Honestly though, operating capital is minimal. Blades, gas, what else is there? Insurance is paid, so...I try and offer customers the best thing money can't buy, service. I may not know everything, but I know enough people I can ask.

Thanks everyone,

Jeff


----------



## TreeClimber57 (Aug 26, 2009)

TreeCo said:


> www.TreeCo.biz



Looks good to me!! You got my vote as well.


----------



## Blakesmaster (Aug 26, 2009)

My 2 partners ( one is a brother and the other is like one ) and I each chipped in about $7500 bucks to get the basic equipment needed to operate as a tree service about 2 years ago. Since then we've become "legit" ( insurance, taxes, certs, advertising, etc. ) and have yet to take a personal penny out of the company pot. We all still maintain our day jobs to pay our own bills so the economic "crisis" didn't hit us hard. Yes, there wasn't as much work as expected this year but we're not concerned, still getting our name out there. We've upgraded equipment as the funds became available and have yet to borrow a thing. We just keep working our asses off and hopefully we'll be better off in the long run. 
http://www.choicetreecare.com


----------



## TimberMcPherson (Aug 27, 2009)

I started with 15k I had saved from being paid 12$ an hour running another guys tree business and farm work. Brought a 4wd terrano which ended up being a rust fest, a 066, a ms200, a yellow pages ad, insurance and climbing kit. I lived with 5 others so could live on $120 a week (ah to be single again), which is what I paid myself for 3 years while I poured money into the gear fund. (which has kept flowing).
Couldnt keep gear in truck on street so put my bed up on blocks so I could fit gear underneath. Bed ended up being at waist level.
Worked solo and to cheap for 2 years, contract climbed for other companies and did some dumb take downs solo (came up with a rigging system that allowed me to rope, cut, lower and retrieve the rope afterwards all from in the tree). 

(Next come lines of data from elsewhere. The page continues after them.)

lemma zform_repr_cs_term_le:
  assumes "1 \<le> g" "q \<le> p" "p \<le> g"
  shows "zform_repr g
      (\<lambda>\<theta> \<phi>. cs_monomial g (p + q) \<theta> * (A * cos (real (p - q) * \<phi>) + B * sin (real (p - q) * \<phi>)))
      (\<lambda>\<theta> \<phi>. cs_monomial g (p + q) (\<theta> + pi/2) * (A * cos (real (p - q) * \<phi>) + B * sin (real (p - q) * \<phi>)))"
proof -
  have "p + q = (p - q) + 2 * q" "p + q \<le> 2 * g"
    using assms by auto
  then have parity: "even (p + q) \<longleftrightarrow> even (p - q)"
    by simp
  consider "p = q" | "odd (p - q)" | "p \<noteq> q" "even (p - q)"
    by blast
  then show ?thesis
  proof cases
    case 1
    then have "cos_poly g (cs_monomial g (p + q))"
      using assms by (intro cs_monomial_cos_poly) auto
    then have "zform_repr g (\<lambda>\<theta> \<phi>. A * cs_monomial g (p + q) \<theta>) (\<lambda>\<theta> \<phi>. A * cs_monomial g (p + q) (\<theta> + pi/2))"
      using assms(1) by (intro zform_repr_scale zform_repr_cos_poly)
    then show ?thesis
      by (rule zform_repr_cong) (simp_all add: 1)
  next
    case 2
    have "p - q \<in> {1..g}"
      using odd_pos[OF 2] assms by auto
    moreover have "sin_poly g (cs_monomial g (p + q))"
      using assms parity 2 by (intro cs_monomial_sin_poly) auto
    ultimately show ?thesis
      by (rule zform_repr_sin_poly)
  next
    case 3
    then obtain b where b: "p - q = 2 * b"
      by blast
    have "b \<in> {1..g}"
      using assms 3 b by auto
    moreover have "cos_poly g (cs_monomial g (p + q))"
      using assms parity 3 by (intro cs_monomial_cos_poly) auto
    moreover have "0 < p + q" "0 < 2 * g - (p + q)"
      using assms 3 by auto
    then have "cs_monomial g (p + q) 0 = 0" "cs_monomial g (p + q) (pi/2) = 0"
      by (simp_all add: cs_monomial_def)
    ultimately have "zform_repr g
        (\<lambda>\<theta> \<phi>. cs_monomial g (p + q) \<theta> * (A * cos (2 * real b * \<phi>) + B * sin (2 * real b * \<phi>)))
        (\<lambda>\<theta> \<phi>. cs_monomial g (p + q) (\<theta> + pi/2) * (A * cos (2 * real b * \<phi>) + B * sin (2 * real b * \<phi>)))"
      by (rule zform_repr_cos_poly_vanishing)
    then show ?thesis
      unfolding b of_nat_mult of_nat_numeral .
  qed
qed

lemma zform_repr_cs_term:
  assumes "1 \<le> g" "p \<le> g" "q \<le> g"
  shows "zform_repr g
      (\<lambda>\<theta> \<phi>. cs_monomial g (p + q) \<theta> * (A * cos ((real p - real q) * \<phi>) + B * sin ((real p - real q) * \<phi>)))
      (\<lambda>\<theta> \<phi>. cs_monomial g (p + q) (\<theta> + pi/2) * (A * cos ((real p - real q) * \<phi>) + B * sin ((real p - real q) * \<phi>)))"
proof (cases "q \<le> p")
  case True
  then show ?thesis
    using zform_repr_cs_term_le[of g q p A B] assms by (simp add: of_nat_diff)
next
  case False
  then have "(real p - real q) * \<phi> = - (real (q - p) * \<phi>)" for \<phi>
    by (simp add: of_nat_diff algebra_simps)
  moreover have "zform_repr g
      (\<lambda>\<theta> \<phi>. cs_monomial g (q + p) \<theta> * (A * cos (real (q - p) * \<phi>) + (- B) * sin (real (q - p) * \<phi>)))
      (\<lambda>\<theta> \<phi>. cs_monomial g (q + p) (\<theta> + pi/2) * (A * cos (real (q - p) * \<phi>) + (- B) * sin (real (q - p) * \<phi>)))"
    using False assms by (intro zform_repr_cs_term_le) auto
  ultimately show ?thesis
    by (simp add: add.commute)
qed

section \<open>The contraction C[x]\<close>

lemma finite_tensor_idx: "finite (tensor_idx g)"
proof -
  have "tensor_idx g = {xs. set xs \<subseteq> {1, 2} \<and> length xs = 2 * g}"
    unfolding tensor_idx_def by auto
  then show ?thesis
    using finite_lists_length_eq[of "{1::nat, 2}" "2 * g"] by simp
qed

lemma rotate_tensor_idx:
  assumes "xs \<in> tensor_idx g"
  shows "rotate g xs \<in> tensor_idx g" "rotate g (rotate g xs) = xs"
    and "drop g xs @ take g xs = rotate g xs"
    and "k < g \<Longrightarrow> rotate g xs ! k = xs ! (g + k)"
    and "k < g \<Longrightarrow> rotate g xs ! (g + k) = xs ! k"
proof -
  have len: "length xs = 2 * g"
    using assms by (simp add: tensor_idx_def)
  then show "rotate g xs \<in> tensor_idx g"
    using assms by (simp add: tensor_idx_def)
  show "rotate g (rotate g xs) = xs"
    using len by (simp add: rotate_rotate flip: mult_2)
  show "drop g xs @ take g xs = rotate g xs"
    using len by (cases "g = 0") (simp_all add: rotate_drop_take)
  show "k < g \<Longrightarrow> rotate g xs ! k = xs ! (g + k)"
    using len by (simp add: nth_rotate)
  show "k < g \<Longrightarrow> rotate g xs ! (g + k) = xs ! k"
    using len by (simp add: nth_rotate mult_2 add.assoc[symmetric])
qed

Had some lean times and bad luck with vehicle. Being single, debt free and able to live dirt cheap got me through.


----------



## rahtreelimbs (Aug 27, 2009)

I just moved from Pennsylvania to Georgia because of my wifes job. I am trying to get a regular day job and get a tree business off of the ground. Slow times that is for sure!


----------



## Kansas (Aug 27, 2009)

Well my 2 cents..Looks like every person here has the balzz to hang out a shingle in the first place and that says more about a person than how much money you make imo. 

I have been in business for myself for 20 years and 3 months this time and a few years each other time I went off on a tangent and thought I knew it all. 

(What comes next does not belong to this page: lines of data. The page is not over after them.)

(* Let $F\subset\mathrm{Sym}^2(\mathbb{R}^n)$ be a cone subequation and $p\ge1$. Then the Riesz kernel $K_p$ is $F$-harmonic on $\mathbb{R}^n\setminus\{0\}$ if and only if $P_{e^\perp}-(p-1)P_e\in\partial F$ for every unit vector $e\in\mathbb{R}^n$.
   Context: A cone subequation is a closed $F\subset\mathrm{Sym}^2(\mathbb{R}^n)$ with $A\in F,P\ge0\Rightarrow A+P\in F$ and $tF=F$ for $t>0$; $\tilde F=\{A:-A\notin\mathrm{Int}F\}$. $F$-harmonic on an open set: finite, continuous, $F$-subharmonic and $-u$ is $\tilde F$-subharmonic, where $G$-subharmonic means upper semicontinuous with $D^2\phi(y)\in G$ for every $C^2$ test function $\phi$ at $y$ ($u\le\phi$ near $y$, equality at $y$). $P_e,P_{e^\perp}$ are orthogonal projections onto $\mathbb{R}e$ and $e^\perp$; $\partial F$ is the topological boundary of $F$. The Riesz kernel is $K_p(x)=-\frac{1}{p-2}|x|^{2-p}$ for $p\neq2$ and $K_2(x)=\log|x|$. *)

theory Defs
  imports "HOL-Analysis.Analysis"
begin

definition Sym :: "(real^'n^'n) set" where
  "Sym = {A. transpose A = A}"

definition psd :: "real^'n^'n \<Rightarrow> bool" where
  "psd P \<longleftrightarrow> P \<in> Sym \<and> (\<forall>x. 0 \<le> x \<bullet> (P *v x))"

definition cone_subequation :: "(real^'n^'n) set \<Rightarrow> bool" where
  "cone_subequation F \<longleftrightarrow> F \<subseteq> Sym \<and> closed F
     \<and> (\<forall>A\<in>F. \<forall>P. psd P \<longrightarrow> A + P \<in> F)
     \<and> (\<forall>t::real. t > 0 \<longrightarrow> (\<lambda>A. t *\<^sub>R A) ` F = F)"

definition dual_subeq :: "(real^'n^'n) set \<Rightarrow> (real^'n^'n) set" where
  "dual_subeq F = {A \<in> Sym. - A \<notin> (top_of_set Sym) interior_of F}"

I fix Asian cars for a living Toyota and Honda is my specialty and do it well and make a little money at it again and have quite a good rep thanks to being honest and straight forward and standing behind my work and giving thorough and accurate estimates thats the key in my line. 

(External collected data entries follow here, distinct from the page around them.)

lemma card_half_subsets_ratio_gt_le:
  fixes p :: "nat \<Rightarrow> real"
  assumes k: "k > 0" and p0: "\<And>x. 0 \<le> p x" and w: "w > 0" and t: "0 < t" "t \<le> 4/5"
    and spread: "\<And>a b. a \<in> dset (2*k) \<Longrightarrow> b \<in> dset (2*k) \<Longrightarrow>
                   p a - p b \<le> w * ((\<Sum>x\<in>dset (2*k). p x) / (2*k))"
  shows "real (card {H \<in> half_subsets (2*k). exp (4*t) * (\<Sum>x\<in>dset (2*k) - H. p x) < (\<Sum>x\<in>H. p x)})
           \<le> exp (- (2 * t^2 * k / w^2)) * real (card (half_subsets (2*k)))"
proof -
  define D where "D = dset (2*k)"
  define S where "S = half_subsets (2*k)"
  define m where "m = (\<Sum>x\<in>D. p x) / (2*k)"
  have finD: "finite D" by (simp add: D_def dset_def)
  have sum_D: "(\<Sum>x\<in>D. p x) = 2*k*m" using k by (simp add: m_def)
  have HD: "H \<subseteq> D" if "H \<in> S" for H using that by (simp add: S_def D_def half_subsets_def)
  show ?thesis
  proof (cases "m = 0")
    case True
    hence "\<forall>x\<in>D. p x = 0" using sum_D sum_nonneg_eq_0_iff[OF finD] p0 by auto
    hence "{H \<in> half_subsets (2*k). exp (4*t) * (\<Sum>x\<in>dset (2*k) - H. p x) < (\<Sum>x\<in>H. p x)} = {}"
      using HD by (auto simp: subset_iff S_def D_def)
    then show ?thesis by (simp only: card.empty) simp
  next
    case False
    have "m \<ge> 0" unfolding m_def by (intro divide_nonneg_nonneg sum_nonneg) (auto simp: p0)
    with False have m: "m > 0" by simp
    have spread_m: "p a - p b \<le> w*m" if "a \<in> dset (2*k)" "b \<in> dset (2*k)" for a b
      using spread[OF that] by (simp add: m_def D_def)
    have "(1 + t) * (\<Sum>x\<in>D. p x) / 2 = (\<Sum>x\<in>D. p x) / 2 + t*k*m" by (simp add: sum_D algebra_simps)
    hence "{H \<in> S. exp (4*t) * (\<Sum>x\<in>D - H. p x) < (\<Sum>x\<in>H. p x)}
            \<subseteq> {H \<in> S. (\<Sum>x\<in>D. p x) / 2 + t*k*m < (\<Sum>x\<in>H. p x)}"
      using sum_gt_half_of_ratio_gt[OF finD HD _ _ t(2), of _ p] sum_D m t by fastforce
    hence "real (card {H \<in> S. exp (4*t) * (\<Sum>x\<in>D - H. p x) < (\<Sum>x\<in>H. p x)})
             \<le> real (card {H \<in> S. (\<Sum>x\<in>D. p x) / 2 + t*k*m < (\<Sum>x\<in>H. p x)})"
      by (simp add: card_mono finite_half_subsets S_def)
    also have "\<dots> \<le> exp (- (2 * (t*k*m)^2 / (k * (w*m)^2))) * real (card S)"
      using card_half_subsets_sum_gt_le[OF k _ _ spread_m, of "t*k*m"] t k m w
      by (simp add: S_def D_def)
    also have "2 * (t*k*m)^2 / (k * (w*m)^2) = 2 * t^2 * k / w^2"
      using k m by (simp add: power2_eq_square field_simps)
    finally show ?thesis by (simp add: S_def D_def)
  qed
qed

section \<open>Privacy loss and counting\<close>

lemma measure_pmf_prob_le_mult:
  assumes "c \<ge> 0" and "\<And>y. y \<in> A \<Longrightarrow> pmf p y \<le> c * pmf q y"
  shows "measure_pmf.prob p A \<le> c * measure_pmf.prob q A"
proof -
  have "infsetsum (pmf p) A \<le> infsetsum (\<lambda>y. c * pmf q y) A"
    by (rule infsetsum_mono) (auto intro: pmf_abs_summable abs_summable_on_cmult_right assms)
  also have "\<dots> = c * infsetsum (pmf q) A"
    by (rule infsetsum_cmult_right) (rule pmf_abs_summable)
  finally show ?thesis by (simp add: measure_pmf_conv_infsetsum)
qed

definition privacy_loss_exceeds :: "real \<Rightarrow> 'y pmf \<Rightarrow> 'y pmf \<Rightarrow> 'y set" where
  "privacy_loss_exceeds c p q = {y. exp c * pmf q y < pmf p y}"

lemma prob_le_exp_prob_add_privacy_loss:
  "measure_pmf.prob p Y \<le> exp c * measure_pmf.prob q Y + measure_pmf.prob p (privacy_loss_exceeds c p q)"
proof -
  let ?B = "privacy_loss_exceeds c p q"
  have "measure_pmf.prob p Y \<le> measure_pmf.prob p ((Y - ?B) \<union> ?B)"
    by (rule measure_pmf.finite_measure_mono) auto
  also have "\<dots> \<le> measure_pmf.prob p (Y - ?B) + measure_pmf.prob p ?B"
    by (rule measure_subadditive) (auto simp: measure_pmf.emeasure_finite)
  also have "measure_pmf.prob p (Y - ?B) \<le> exp c * measure_pmf.prob q (Y - ?B)"
    by (rule measure_pmf_prob_le_mult) (auto simp: privacy_loss_exceeds_def not_less)
  also have "\<dots> \<le> exp c * measure_pmf.prob q Y"
    by (intro mult_left_mono measure_pmf.finite_measure_mono) auto
  finally show ?thesis by simp
qed

lemma pmf_rand_uniform:
  "finite H \<Longrightarrow> H \<noteq> {} \<Longrightarrow> pmf (rand_uniform H R) y = (\<Sum>x\<in>H. pmf (R x) y) / card H"
  by (simp add: rand_uniform_def pmf_bind_pmf_of_set)

lemma measure_rand_uniform_subset_le:
  assumes "finite D" "H \<subseteq> D" "H \<noteq> {}"
  shows "measure_pmf.prob (rand_uniform H R) A \<le> card D / card H * measure_pmf.prob (rand_uniform D R) A"
proof (rule measure_pmf_prob_le_mult)
  fix y
  have fin: "finite H" and "D \<noteq> {}" using assms finite_subset by blast+
  have "(\<Sum>x\<in>H. pmf (R x) y) \<le> (\<Sum>x\<in>D. pmf (R x) y)"
    using assms by (intro sum_mono2) auto
  thus "pmf (rand_uniform H R) y \<le> card D / card H * pmf (rand_uniform D R) y"
    using assms fin \<open>D \<noteq> {}\<close> by (simp add: pmf_rand_uniform divide_right_mono card_gt_0_iff)
qed simp

lemma card_gt_le_of_sum_le:
  fixes a :: "'a \<Rightarrow> real"
  assumes "finite S" "\<And>x. x \<in> S \<Longrightarrow> a x \<ge> 0" "c > 0" "(\<Sum>x\<in>S. a x) \<le> B"
  shows "real (card {x \<in> S. c < a x}) \<le> B / c"
proof -
  have "real (card {x \<in> S. c < a x}) * c = (\<Sum>x\<in>{x \<in> S. c < a x}. c)" by simp
  also have "\<dots> \<le> (\<Sum>x\<in>{x \<in> S. c < a x}. a x)" by (intro sum_mono) auto
  also have "\<dots> \<le> (\<Sum>x\<in>S. a x)" by (intro sum_mono2) (use assms in auto)
  also have "\<dots> \<le> B" by (fact assms(4))
  finally show ?thesis using assms by (simp add: le_divide_eq)
qed

lemma sum_measure_le_of_card_le:
  assumes S: "finite S" and c: "\<And>y. real (card {H \<in> S. y \<in> B H}) \<le> c"
  shows "(\<Sum>H\<in>S. measure_pmf.prob M (B H)) \<le> c"
proof -
  have int: "integrable (measure_pmf M) (indicat_real (B H))" for H
    by (simp add: integrable_indicator_iff measure_pmf.emeasure_finite less_top[symmetric])
  have "(\<Sum>H\<in>S. measure_pmf.prob M (B H)) = measure_pmf.expectation M (\<lambda>y. \<Sum>H\<in>S. indicator (B H) y)"
    using int by (simp add: Bochner_Integration.integral_sum[symmetric])
  also have "\<dots> \<le> c"
  proof (rule measure_pmf.integral_le_const)
    show "integrable (measure_pmf M) (\<lambda>y. \<Sum>H\<in>S. indicat_real (B H) y)"
      using int by (rule Bochner_Integration.integrable_sum)
    have "(\<Sum>H\<in>S. indicat_real (B H) y) = real (card {H \<in> S. y \<in> B H})" for y
      using sum.inter_filter[OF S, of "\<lambda>_. 1::real" "\<lambda>H. y \<in> B H"] by (simp add: indicator_def of_bool_def)
    thus "AE y in measure_pmf M. (\<Sum>H\<in>S. indicat_real (B H) y) \<le> c" using c by simp
  qed
  finally show ?thesis .
qed

lemma measure_pmf_of_set_ge:
  assumes "finite S" "S \<noteq> {}" "real (card {x \<in> S. \<not> P x}) \<le> a * real (card S)"
  shows "measure_pmf.prob (pmf_of_set S) {x. P x} \<ge> 1 - a"
proof -
  have "card S = card ({x \<in> S. P x} \<union> {x \<in> S. \<not> P x})"
    by (rule arg_cong[where f = card]) auto
  also have "\<dots> = card {x \<in> S. P x} + card {x \<in> S. \<not> P x}"
    by (rule card_Un_disjoint) (use assms(1) in auto)
  finally have "card S = card {x \<in> S. P x} + card {x \<in> S. \<not> P x}" .
  hence "(1 - a) * real (card S) \<le> real (card {x \<in> S. P x})" using assms(3) by (simp add: algebra_simps)
  moreover have "measure_pmf.prob (pmf_of_set S) {x. P x} = real (card {x \<in> S. P x}) / card S"
    using assms by (simp add: measure_pmf_of_set Int_def conj_commute)
  ultimately show ?thesis using assms by (simp add: le_divide_eq card_gt_0_iff)
qed

lemma measure_pmf_of_set_all_ge:
  assumes "finite S" "S \<noteq> {}" "finite I"
    and "\<And>i. i \<in> I \<Longrightarrow> real (card {x \<in> S. \<not> P i x}) \<le> a * real (card S)"
  shows "measure_pmf.prob (pmf_of_set S) {x. \<forall>i\<in>I. P i x} \<ge> 1 - real (card I) * a"
proof (rule measure_pmf_of_set_ge[OF assms(1,2)])
  have "{x \<in> S. \<not> (\<forall>i\<in>I. P i x)} = (\<Union>i\<in>I. {x \<in> S. \<not> P i x})" by auto
  hence "real (card {x \<in> S. \<not> (\<forall>i\<in>I. P i x)}) \<le> (\<Sum>i\<in>I. real (card {x \<in> S. \<not> P i x}))"
    using card_UN_le[OF assms(3), of "\<lambda>i. {x \<in> S. \<not> P i x}"] by (simp flip: of_nat_sum)
  also have "\<dots> \<le> (\<Sum>i\<in>I. a * real (card S))" by (rule sum_mono) (rule assms(4))
  finally show "real (card {x \<in> S. \<not> (\<forall>i\<in>I. P i x)}) \<le> real (card I) * a * real (card S)" by simp
qed

section \<open>Hiding the input in a uniform half\<close>

lemma private_pmf_spread:
  assumes priv: "private_randomizer X R eps 0" and X: "finite X" "a \<in> X" "b \<in> X"
  shows "pmf (R a) y - pmf (R b) y \<le> (exp eps - exp (- eps)) * ((\<Sum>x\<in>X. pmf (R x) y) / card X)"
proof -
  have pr: "pmf (R x) y \<le> exp eps * pmf (R x') y" if "x \<in> X" "x' \<in> X" for x x'
    using priv that unfolding private_randomizer_def by (metis add_0_right measure_pmf_single)
  define m where "m = (\<Sum>x\<in>X. pmf (R x) y) / card X"
  have card_X: "card X > 0" using X card_gt_0_iff by blast
  have "(\<Sum>x\<in>X. pmf (R a) y) \<le> (\<Sum>x\<in>X. exp eps * pmf (R x) y)"
    by (intro sum_mono pr) (use X in auto)
  hence "pmf (R a) y \<le> exp eps * m"
    using card_X by (simp add: m_def sum_distrib_left[symmetric] field_simps)
  moreover have "(\<Sum>x\<in>X. pmf (R x) y) \<le> (\<Sum>x\<in>X. exp eps * pmf (R b) y)"
    by (intro sum_mono pr) (use X in auto)
  hence "exp (- eps) * m \<le> pmf (R b) y"
    using card_X by (simp add: m_def exp_minus field_simps)
  ultimately have "pmf (R a) y - pmf (R b) y \<le> exp eps * m - exp (- eps) * m" by linarith
  thus ?thesis by (simp add: m_def left_diff_distrib diff_divide_distrib)
qed

lemma private_randomizer_Q_rand:
  assumes "c \<ge> 0"
    and HD: "\<And>Y. measure_pmf.prob (rand_uniform H R) Y
              \<le> exp c * measure_pmf.prob (rand_uniform (dset d - H) R) Y + \<delta>"
    and DH: "\<And>Y. measure_pmf.prob (rand_uniform (dset d - H) R) Y
              \<le> exp c * measure_pmf.prob (rand_uniform H R) Y + \<delta>"
  shows "private_randomizer {1, -1} (Q_rand d H R) c \<delta>"
proof -
  have "\<delta> \<ge> 0" using HD[of "{}"] by simp
  hence "measure_pmf.prob p Y \<le> exp c * measure_pmf.prob p Y + \<delta>" for p :: "'a pmf" and Y
    using assms(1) mult_right_mono[of 1 "exp c" "measure_pmf.prob p Y"] by simp
  then show ?thesis using HD DH by (auto simp: private_randomizer_def Q_rand_def)
qed

lemma sum_measure_privacy_loss_exceeds_le:
  assumes k: "k > 0" and eps: "eps > 0" and priv: "private_randomizer (dset (2*k)) R eps 0"
    and t: "0 < t" "t \<le> 4/5"
  shows "(\<Sum>H\<in>half_subsets (2*k). measure_pmf.prob (rand_uniform (dset (2*k)) R)
            (privacy_loss_exceeds (4*t) (rand_uniform H R) (rand_uniform (dset (2*k) - H) R)))
         \<le> exp (- (2 * t^2 * k / (exp eps - exp (- eps))^2)) * real (card (half_subsets (2*k)))"
proof (rule sum_measure_le_of_card_le[OF finite_half_subsets])
  fix y
  define D where "D = dset (2*k)"
  define p where "p x = pmf (R x) y" for x
  have w: "exp eps - exp (- eps) > 0" using eps by simp
  have card_D: "card D = 2*k" by (simp add: D_def dset_def)
  have spread: "p a - p b \<le> (exp eps - exp (- eps)) * ((\<Sum>x\<in>D. p x) / (2*k))"
    if "a \<in> D" "b \<in> D" for a b
    using private_pmf_spread[OF priv _ that[unfolded D_def]] card_D by (simp add: p_def D_def dset_def)
  have "y \<in> privacy_loss_exceeds (4*t) (rand_uniform H R) (rand_uniform (D - H) R)
          \<longleftrightarrow> exp (4*t) * (\<Sum>x\<in>D - H. p x) < (\<Sum>x\<in>H. p x)"
    if "H \<in> half_subsets (2*k)" for H
  proof -
    have H: "H \<subseteq> D" "card H = k" using that by (simp_all add: half_subsets_def D_def)
    moreover have "finite D" by (simp add: D_def dset_def)
    ultimately have "finite H" "H \<noteq> {}" "finite (D - H)" "card (D - H) = k" "D - H \<noteq> {}"
      using k card_D by (auto simp: card_Diff_subset finite_subset)
    thus ?thesis using H(2) k
      by (simp add: privacy_loss_exceeds_def pmf_rand_uniform p_def field_simps)
  qed
  hence "{H \<in> half_subsets (2*k). y \<in> privacy_loss_exceeds (4*t) (rand_uniform H R) (rand_uniform (D - H) R)}
      = {H \<in> half_subsets (2*k). exp (4*t) * (\<Sum>x\<in>D - H. p x) < (\<Sum>x\<in>H. p x)}"
    by auto
  with card_half_subsets_ratio_gt_le[OF k _ w t spread[unfolded D_def]]
  show "real (card {H \<in> half_subsets (2*k).
      y \<in> privacy_loss_exceeds (4*t) (rand_uniform H R) (rand_uniform (dset (2*k) - H) R)})
    \<le> exp (- (2 * t^2 * k / (exp eps - exp (- eps))^2)) * real (card (half_subsets (2*k)))"
    by (simp add: p_def D_def)
qed

lemma measure_rand_uniform_half_le:
  assumes "k > 0" "H \<in> half_subsets (2*k)"
  shows "measure_pmf.prob (rand_uniform H R) A \<le> 2 * measure_pmf.prob (rand_uniform (dset (2*k)) R) A"
proof -
  have "H \<subseteq> dset (2*k)" "card H = k" using assms(2) by (simp_all add: half_subsets_def)
  moreover have "finite (dset (2*k))" "card (dset (2*k)) = 2*k" by (simp_all add: dset_def)
  ultimately show ?thesis
    using measure_rand_uniform_subset_le[of "dset (2*k)" H R A] assms(1) by (auto simp: card_gt_0_iff)
qed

I made money right off for 3-4 years working by myself then *I hired people to work for me and I started loosing money. *

Cash flow in and out went way up net income went down and then the gubermint gets in and there goes more money out the window work comp, ss, medicare, taxs etc and then there are comebacks and theft and broken parts and more money gone, sick days, low productiion on good days, bill collectors garnishing employee wages and on and on gets real old.

I had enough 5 years ago and have gone back to a one man shop and back to making money again actually enjoying work agaiin I can come and go as I want. 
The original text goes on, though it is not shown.